The Business is a fair fairy story, at least in concept. There’s a prince seeking a princess, a Queen resigned to her bed for 25 years with a broken heart, a palace of a thousand rooms, snow-capped mountains, pied piper children, an all powerful James Bond style baddie organisation. And like any good fairy tale it tries to have a moral, arising from one hot pretext set just outside of reality. Banks lays it on thick but really fails to bridge the gap between fairy and really.
That pretext is the Business itself, founded in times before modern civilization. The problem, unusually for Iain Banks, is that there is a lack of grasp of what this story is all about. Is it a licence to discredit the misty corporate world of international business? Is it about surviving on overhwhelming capitalist power through duplicity? Is it about human relationships, disrupted intimacy, and misplaced loyalty? Or is it just about a prince seeking a princess?
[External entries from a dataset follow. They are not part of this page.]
(* For $d\in\mathbb N$, $f\in L^1(\mathbb R^d)\cap L^\infty(\mathbb R^d)$, $E>0$ and $\eta>0$, $$\Big|\int_{\mathbb R^d}\frac{f(q)}{q^2-E\pm i\eta}dq\Big|\le C_1(E,d)\|f\|_\infty\ln\Big(\frac1\eta+1\Big)+\sqrt2\,\|f\|_1,$$ where $C_1(E,d)=\sqrt2\big(E^{-1/2}(E+1)^{\frac{d-1}{2}}+E^{\frac{d-2}{2}}\big)|S_{d-1}|$.
   Context: $q^2=|q|^2$. $|S_{d-1}|$ is the $(d-1)$-dimensional surface measure of the unit sphere in $\mathbb R^d$ (with $|S_0|=2$). *)

theory Defs
  imports "HOL-Analysis.Analysis" "HOL-Probability.Essential_Supremum"
begin

text \<open>Surface measure of the unit sphere S_{d-1} in R^d: 2 pi^(d/2) / Gamma(d/2)
  (gives 2 for d = 1, 2 pi for d = 2, 4 pi for d = 3).\<close>
definition sphere_area :: "nat \<Rightarrow> real" where
  "sphere_area d = 2 * pi powr (real d / 2) / Gamma (real d / 2)"

definition Linf_enorm :: "('a::euclidean_space \<Rightarrow> 'b::real_normed_vector) \<Rightarrow> ereal" where
  "Linf_enorm f = esssup lborel (\<lambda>q. ereal (norm (f q)))"

text \<open>L^infinity norm (meaningful when Linf_enorm f < infinity).\<close>
definition Linf_norm :: "('a::euclidean_space \<Rightarrow> 'b::real_normed_vector) \<Rightarrow> real" where
  "Linf_norm f = real_of_ereal (Linf_enorm f)"

definition L1_norm :: "('a::euclidean_space \<Rightarrow> 'b::real_normed_vector) \<Rightarrow> real" where
  "L1_norm f = (LINT q|lborel. norm (f q))"

definition C1 :: "real \<Rightarrow> nat \<Rightarrow> real" where
  "C1 E d = sqrt 2 * (E powr (-1/2) * (E + 1) powr ((real d - 1) / 2)
                      + E powr ((real d - 2) / 2)) * sphere_area d"

end

theory Submission
  imports Defs
begin

(* Write z = |q|^2 - E + i sigma eta. Then |z| >= ||q|^2 - E| and sqrt 2 |z| >= ||q|^2 - E| + eta.
   Off the shell ||q|^2 - E| >= 1 the first bound gives |f/z| <= |f|, which contributes the L^1 term.
   On the shell |f/z| <= sqrt 2 ||f||_oo / (||q|^2 - E| + eta), a radial function, and polar coordinates
   turn its integral into |S_{d-1}| times an integral of r^(d-1) / (|r^2 - E| + eta) over the shell.
   With s = sqrt E, the inequality s |r - s| <= |r^2 - s^2| both confines the shell to |r - s| <= 1/s
   and bounds the integrand by r^(d-1) / (s (|r - s| + eta/s)); estimating r^(d-1) by its maximum on
   either side of s, each half integrates to a constant times ln (1/eta + 1). *)

lemma sphere_area_nonneg: "sphere_area d \<ge> 0"
  unfolding sphere_area_def by (cases "d = 0") (auto intro!: divide_nonneg_pos)

lemma sphere_area_eq_unit_ball_vol:
  assumes "d > 0"
  shows "sphere_area d = real d * unit_ball_vol (real d)"
proof -
  have Gamma_step: "Gamma (real d / 2 + 1) = real d / 2 * Gamma (real d / 2)"
    using assms by (intro Gamma_plus1) (auto simp: nonpos_Ints_def)
  have "Gamma (real d / 2) > 0"
    using assms by simp
  with assms show ?thesis
    unfolding sphere_area_def unit_ball_vol_def Gamma_step by (simp add: field_simps)
qed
By the end, there aren’t any answers. You are left feeling a little cold in the Himalayas.
But it’s just such a great idea for a book. The shame is nothing of that mysterious corporate world is uncovered. The Business has worldwide influence and domination. It’s rich and powerful. It seeks a seat at the United Nations by buying up under nourished and unknown nations. Kate is the ambitious Level Three executive at its heart. Yet most of the 400 pages are devoted to her globe trotting and excruciating detail about her in-flight experiences; buying clothes; meeting whoever….
Banks introduces some thriller tension at the start; colleague has teeth taken out by dark adversaries, Kate uncovers a Business factory hiding some dark secret, the Board are either homely uncle / aunty characters or underworld nearly gangsters. Great, but we are then subjected to a long winded “travels with Kate” until we understand any link at the very end.
You have wonder what it’s all about. Don’t be prepared to be too disappointed as Iain Banks has the undoubted and undisputed skill in writing and there’s never a word out of place, but overall it doesn't gell. Hot plot lines are introduced, and then disappear to the sidelines. Some motives never get off the ground. With a bit more discipline, this could have really rocked.